What are the dangers of using a (log)normal distribution for a discrete response? I have seen in the engineering field some papers (one example) using normal or lognormal distributions to model discrete outcomes.
Typically, the explanatory variable is binned (into equal intervals) to allow for each point to represent a probability to belong to a given outcome (i.e. number of points in the bin/total, for each bin). 
Then the set of probabilities obtained is assumed to belong to a normal (lognormal) distribution as follows:
$$
P(Y) = \phi[((\log)X-\mu) / \sigma],
$$
so 
$$
X = \sigma\phi^{-1} + \mu.
$$
Which allows them to evaluate the distribution parameters using OLS regression. 
Because of the behaviour of the inverse of the normal distribution function at 0 or 1 they also have to dismiss all points that have such probabilities, which obviously leads to much data not being used, and this is one issue. Plus discrete outcomes should be modelled using appropriate distributions, i.e. binomial and multinomial. 
But I cannot get my head around the other shortcomings of using such a method for discrete outcomes, I feel there must be many. 

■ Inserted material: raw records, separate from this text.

definition col_comb :: "nat set \<Rightarrow> (nat \<Rightarrow> complex) \<Rightarrow> (nat \<Rightarrow> nat \<Rightarrow> complex) \<Rightarrow> nat \<Rightarrow> complex" where
  "col_comb I c M = (\<lambda>i. \<Sum>k\<in>I. c k * M i k)"

lemma cnj_mult_self: "cnj z * z = of_real ((cmod z)\<^sup>2)"
  by (metis complex_norm_square mult.commute)

lemma vnorm_eq_L2_set: "vnorm n x = L2_set (\<lambda>i. cmod (x i)) {..<n}"
  unfolding vnorm_def L2_set_def by simp

lemma vnorm_nonneg: "0 \<le> vnorm n x"
  by (simp add: vnorm_eq_L2_set)

lemma vnorm_power2: "(vnorm n x)\<^sup>2 = (\<Sum>i<n. (cmod (x i))\<^sup>2)"
  by (simp add: vnorm_def sum_nonneg)

lemma vnorm_eq_0_iff: "vnorm n x = 0 \<longleftrightarrow> (\<forall>i<n. x i = 0)"
  by (auto simp: vnorm_eq_L2_set L2_set_eq_0_iff)

lemma vnorm_cong: "(\<And>i. i < n \<Longrightarrow> x i = y i) \<Longrightarrow> vnorm n x = vnorm n y"
  unfolding vnorm_def by (intro arg_cong[where f = sqrt] sum.cong) auto

lemma vnorm_scale: "vnorm n (\<lambda>i. c * x i) = cmod c * vnorm n x"
  by (simp add: vnorm_eq_L2_set norm_mult L2_set_right_distrib)

lemma vnorm_add_le: "vnorm n (\<lambda>i. x i + y i) \<le> vnorm n x + vnorm n y"
proof -
  have "vnorm n (\<lambda>i. x i + y i) \<le> L2_set (\<lambda>i. cmod (x i) + cmod (y i)) {..<n}"
    unfolding vnorm_eq_L2_set by (rule L2_set_mono) (auto simp: norm_triangle_ineq)
  also have "\<dots> \<le> vnorm n x + vnorm n y"
    unfolding vnorm_eq_L2_set by (rule L2_set_triangle_ineq)
  finally show ?thesis .
qed

lemma cinner_cong:
  "(\<And>i. i < n \<Longrightarrow> x i = x' i) \<Longrightarrow> (\<And>i. i < n \<Longrightarrow> y i = y' i) \<Longrightarrow> cinner n x y = cinner n x' y'"
  unfolding cinner_def by (intro sum.cong) auto

lemma cnj_cinner: "cnj (cinner n x y) = cinner n y x"
  unfolding cinner_def by (simp add: mult.commute)

lemma cinner_scale_right: "cinner n x (\<lambda>i. c * y i) = c * cinner n x y"
  unfolding cinner_def by (simp add: sum_distrib_left mult_ac)

lemma cinner_self: "cinner n x x = of_real ((vnorm n x)\<^sup>2)"
  unfolding cinner_def vnorm_power2 of_real_sum by (simp add: cnj_mult_self)

lemma cinner_diff_self:
  "cinner n (\<lambda>i. x i - y i) (\<lambda>i. x i - y i) = cinner n x x - cinner n x y - cinner n y x + cinner n y y"
  unfolding cinner_def by (simp add: algebra_simps sum.distrib sum_subtractf)

lemma cmod_cinner_le: "cmod (cinner n x y) \<le> vnorm n x * vnorm n y"
proof -
  have "cmod (cinner n x y) \<le> (\<Sum>i<n. cmod (x i) * cmod (y i))"
    unfolding cinner_def by (rule order_trans[OF norm_sum]) (simp add: norm_mult)
  also have "\<dots> \<le> vnorm n x * vnorm n y"
    using L2_set_mult_ineq[of "\<lambda>i. cmod (x i)" "\<lambda>i. cmod (y i)" "{..<n}"]
    by (simp add: vnorm_eq_L2_set)
  finally show ?thesis .
qed

lemma cinner_col_comb_right:
  "finite I \<Longrightarrow> cinner n x (col_comb I c M) = (\<Sum>k\<in>I. c k * cinner n x (col M k))"
  unfolding cinner_def col_comb_def col_def
  by (simp add: sum_distrib_left sum_distrib_right mult_ac sum.swap[of _ I])

lemma cinner_col_comb_left:
  "finite I \<Longrightarrow> cinner n (col_comb I c M) x = (\<Sum>k\<in>I. cnj (c k) * cinner n (col M k) x)"
proof -
  assume "finite I"
  have "cinner n (col_comb I c M) x = cnj (cinner n x (col_comb I c M))"
    by (simp add: cnj_cinner)
  also have "\<dots> = (\<Sum>k\<in>I. cnj (c k) * cinner n (col M k) x)"
    using \<open>finite I\<close> by (simp add: cinner_col_comb_right cnj_cinner)
  finally show ?thesis .
qed

lemma cinner_col_col:
  "unitary_mat n M \<Longrightarrow> k < n \<Longrightarrow> l < n \<Longrightarrow> cinner n (col M k) (col M l) = (if k = l then 1 else 0)"
  unfolding unitary_mat_def cinner_def col_def by auto

lemma cinner_col_col_comb:
  assumes "unitary_mat n M" "I \<subseteq> {..<n}" "k < n"
  shows "cinner n (col M k) (col_comb I c M) = (if k \<in> I then c k else 0)"
proof -
  have fin: "finite I" using assms(2) finite_subset by blast
  have "\<And>l. l \<in> I \<Longrightarrow> cinner n (col M k) (col M l) = (if l = k then 1 else 0)"
    using assms cinner_col_col by auto
  then have "cinner n (col M k) (col_comb I c M) = (\<Sum>l\<in>I. if l = k then c l else 0)"
    unfolding cinner_col_comb_right[OF fin] by (intro sum.cong) auto
  then show ?thesis using fin by simp
qed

Can anyone provide more insight?
 A: I wouldn't rule out the lognormal as an approximation for discrete positive variables. Last time I checked the populations of the countries of the world fit a lognormal distribution quite well and population is naturally discrete. 

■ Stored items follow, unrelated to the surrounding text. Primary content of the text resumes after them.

theorem theorem3:
  fixes V :: "'a set" and E :: "'a set set" and f :: "'a set set \<Rightarrow> real"
    and b k :: nat and Feg Fvg :: "'a set set"
  assumes "simple_graph V E"
    and "b \<ge> 1" and "k \<ge> 1"
    and "\<forall>A \<subseteq> E. f A \<ge> 0"
    and "normalized E f" and "monotone_set_fun E f" and "submodular E f"
    and "max_degree V E \<ge> 1"
    and "edge_greedy_output E f b k Feg"
    and "vertex_greedy_output V E f b k Fvg"
  shows "let Fout = (if f Feg \<ge> f Fvg then Feg else Fvg) in
           feasible_TU V E b k Fout \<and>
           (\<forall>F. feasible_TU V E b k F \<longrightarrow>
                  alpha_bound b k (max_degree V E) * f F \<le> f Fout)"
proof -
  have "finite V"
    using assms(1) unfolding simple_graph_def by simp
  have "finite E"
    using simple_graph_finite_edges[OF assms(1)] .
  have "f {} = 0"
    using assms(5) unfolding normalized_def .
  have bound: "alpha_bound b k (max_degree V E) * f F \<le> max (f Feg) (f Fvg)"
    if "feasible_TU V E b k F" for F
  proof -
    have "0 \<le> f F"
      using that assms(4) unfolding feasible_TU_def by blast
    then have "alpha_bound b k (max_degree V E) * f F
        = max ((1 - exp (- min 1 (real b / real k))) * f F)
              ((1 - exp (- min 1 (real (k div max_degree V E) / real b))) * f F)"
      unfolding alpha_bound_eq_max by (simp add: max_mult_distrib_right)
    also have "\<dots> \<le> max (f Feg) (f Fvg)"
      using edge_greedy_value[OF \<open>finite E\<close> assms(6,7) \<open>f {} = 0\<close> assms(3) that assms(9)]
        vertex_greedy_value[OF \<open>finite V\<close> assms(6,7) \<open>f {} = 0\<close> assms(2) that assms(10)]
      by (rule max.mono)
    finally show ?thesis .
  qed
  show ?thesis
  proof (cases "f Fvg \<le> f Feg")
    case True
    then show ?thesis
      using edge_greedy_feasible[OF assms(1,9)] bound by (simp add: max_absorb1)
  next
    case False
    then show ?thesis
      using vertex_greedy_feasible[OF assms(10)] bound by (simp add: max_absorb2)
  qed
qed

But judging from a glance at the example paper you cite, those researchers are not fitting to discrete variables at all. The applications are to inundation depth, current velocity and  hydrodynamic force, which are all continuous, so that looks uncontroversial in principle. How well the lognormal fits in practice is a different question. In the broad field you mention, environmental hazards, I have a paper under review that shows that the lognormal fits some continuous data far better than the power law distribution suggested by some previous workers. I suspect that is common. 

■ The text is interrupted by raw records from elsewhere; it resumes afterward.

lemma proj_mem:
  fixes K :: "'a::real_normed_vector set"
  assumes "compact K" "K \<noteq> {}"
  shows "proj K y \<in> K"
proof -
  have "continuous_on K (\<lambda>w. (norm (w - y))\<^sup>2)"
    by (intro continuous_intros)
  then have "\<exists>w. w \<in> K \<and> (\<forall>w'\<in>K. (norm (w - y))\<^sup>2 \<le> (norm (w' - y))\<^sup>2)"
    using continuous_attains_inf[OF assms] by blast
  then show ?thesis
    unfolding proj_def by (rule someI2_ex) blast
qed

lemma eventually_norm_bounded_finite:
  assumes "finite I" "\<And>i. i \<in> I \<Longrightarrow> (f i \<longlongrightarrow> l i) F"
  obtains R where "\<forall>\<^sub>F x in F. \<forall>i\<in>I. norm (f i x) < R"
proof
  show "\<forall>\<^sub>F x in F. \<forall>i\<in>I. norm (f i x) < (\<Sum>i\<in>I. norm (l i)) + 1"
  proof (intro eventually_ball_finite assms(1) ballI)
    fix i assume "i \<in> I"
    then have "norm (l i) < (\<Sum>i\<in>I. norm (l i)) + 1"
      using member_le_sum[of i I "\<lambda>i. norm (l i)"] assms(1) by simp
    then show "\<forall>\<^sub>F x in F. norm (f i x) < (\<Sum>i\<in>I. norm (l i)) + 1"
      using order_tendstoD(2)[OF tendsto_norm[OF assms(2)[OF \<open>i \<in> I\<close>]]] by blast
  qed
qed

lemma Gmap_locally_bounded:
  fixes df :: "nat \<Rightarrow> 'a::real_inner \<Rightarrow> 'a" and p :: "real \<times> 'a \<times> 'a"
  assumes "t0 > 0" "\<alpha> \<ge> 0"
    and cont: "\<And>i. i \<in> {1..m} \<Longrightarrow> continuous_on UNIV (df i)"
  obtains r where "\<forall>\<^sub>F x in nhds p. fst x \<ge> t0 \<longrightarrow> (\<forall>\<xi>\<in>Gmap m df \<alpha> x. norm \<xi> \<le> r)"
proof -
  obtain s0 u0 v0 where p: "p = (s0, u0, v0)"
    by (cases p)
  have "((\<lambda>x. x) \<longlongrightarrow> (s0, u0, v0)) (nhds p)"
    unfolding p by (rule filterlim_ident)
  then have u_lim: "((\<lambda>x. fst (snd x)) \<longlongrightarrow> u0) (nhds p)"
    and v_lim: "((\<lambda>x. snd (snd x)) \<longlongrightarrow> v0) (nhds p)"
    using tendsto_fst[OF tendsto_snd] tendsto_snd[OF tendsto_snd] by fastforce+
  have "((\<lambda>x. df i (fst (snd x))) \<longlongrightarrow> df i u0) (nhds p)" if "i \<in> {1..m}" for i
    using continuous_on_tendsto_compose[OF cont[OF that] u_lim] by simp
  then obtain R where "\<forall>\<^sub>F x in nhds p. \<forall>i\<in>{1..m}. norm (df i (fst (snd x))) < R"
    by (rule eventually_norm_bounded_finite[OF finite_atLeastAtMost])
  moreover have "\<forall>\<^sub>F x in nhds p. norm (snd (snd x)) < norm v0 + 1"
    using order_tendstoD(2)[OF tendsto_norm[OF v_lim]] by simp
  ultimately have "\<forall>\<^sub>F x in nhds p. fst x \<ge> t0 \<longrightarrow>
      (\<forall>\<xi>\<in>Gmap m df \<alpha> x. norm \<xi> \<le> (1 + \<alpha> / t0) * (norm v0 + 1) + R)"
  proof eventually_elim
    case (elim x)
    obtain t u v where x: "x = (t, u, v)"
      by (cases x)
    show ?case
    proof (intro impI ballI)
      fix \<xi> assume "fst x \<ge> t0" "\<xi> \<in> Gmap m df \<alpha> x"
      with elim assms(1,2) have "norm \<xi> \<le> (1 + \<alpha> / t0) * norm v + R"
        unfolding x by (intro norm_Gmap_le) (auto simp: less_imp_le)
      also have "\<dots> \<le> (1 + \<alpha> / t0) * (norm v0 + 1) + R"
        using elim assms(1,2) unfolding x by (intro add_right_mono mult_left_mono) auto
      finally show "norm \<xi> \<le> (1 + \<alpha> / t0) * (norm v0 + 1) + R" .
    qed
  qed
  then show thesis
    by (rule that)
qed

lemma locally_compact_map_proj_Gmap:
  fixes df :: "nat \<Rightarrow> 'a::real_inner \<Rightarrow> 'a" and B :: "'a set"
  assumes "finite B" "span B = UNIV" "m \<ge> 1" "t0 > 0" "\<alpha> \<ge> 0"
    and cont: "\<And>i. i \<in> {1..m} \<Longrightarrow> continuous_on UNIV (df i)"
  shows "locally_compact_map ({t0..} \<times> UNIV \<times> UNIV) (\<lambda>x. proj (Gmap m df \<alpha> x) 0)"
  unfolding locally_compact_map_def
proof
  fix x0 :: "real \<times> 'a \<times> 'a"
  obtain r where "\<forall>\<^sub>F x in nhds x0. fst x \<ge> t0 \<longrightarrow> (\<forall>\<xi>\<in>Gmap m df \<alpha> x. norm \<xi> \<le> r)"
    using Gmap_locally_bounded[where m = m and df = df and p = x0, OF assms(4,5) cont] by blast
  then obtain M where M: "open M" "x0 \<in> M"
    and bounded: "\<And>x \<xi>. x \<in> M \<Longrightarrow> fst x \<ge> t0 \<Longrightarrow> \<xi> \<in> Gmap m df \<alpha> x \<Longrightarrow> norm \<xi> \<le> r"
    unfolding eventually_nhds by blast
  have "proj (Gmap m df \<alpha> x) 0 \<in> cball 0 r \<times> cball 0 r" if "x \<in> M \<inter> {t0..} \<times> UNIV \<times> UNIV" for x
  proof -
    let ?p = "proj (Gmap m df \<alpha> x) 0"
    obtain t u v where x: "x = (t, u, v)"
      by (cases x)
    have "?p \<in> Gmap m df \<alpha> x"
      unfolding x by (intro proj_mem compact_Gmap Gmap_nonempty \<open>m \<ge> 1\<close>)
    with that bounded[of x ?p] have "norm ?p \<le> r"
      unfolding x by simp
    then show ?thesis
      using norm_fst_le[of "fst ?p" "snd ?p"] norm_snd_le[of "snd ?p" "fst ?p"]
      by (simp add: mem_Times_iff)
  qed
  then show "\<exists>M K. open M \<and> x0 \<in> M \<and> compact K \<and>
      (\<lambda>x. proj (Gmap m df \<alpha> x) 0) ` (M \<inter> {t0..} \<times> UNIV \<times> UNIV) \<subseteq> K"
    by (intro exI[of _ M] exI[of _ "cball 0 r \<times> cball 0 r"] conjI M image_subsetI
        compact_Times compact_cball_if_finite_span[OF assms(1,2)])
qed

How best to fit the lognormal is a different and key question. Fitting by binning and least-squares is a fairly lousy method and there are better methods. For example, the easiest way is just to take logarithms of the raw data and calculate the mean and standard deviation of a normal and then exponentiate. There are many other ways to do it, but binning just discards detail in the data and raises small and indeed large questions about how far the fit depends on arbitrary decisions made about bin width (and sometimes bin origin). 
I've seen elsewhere the practice of ignoring points with associated cumulative probability 0 and 1 and (as you imply) omitting data just because a quantile function cannot be evaluated is utterly indefensible. The use of plotting positions such as (rank - 0.5) / sample size has been the standard way to avoid such difficulties for more than a century. (Trimming extreme values to impart some resistance would be a quite different and possibly defensible practice.)  
I think you are confusing variables that are discrete in principle and the binning of continuous variables as a matter of supposed convenience or necessity. Binning continues to have some uses (e.g. histograms remain popular), but using and plotting all the data as they arrive was always better in principle and is now almost always not difficult in computational practice.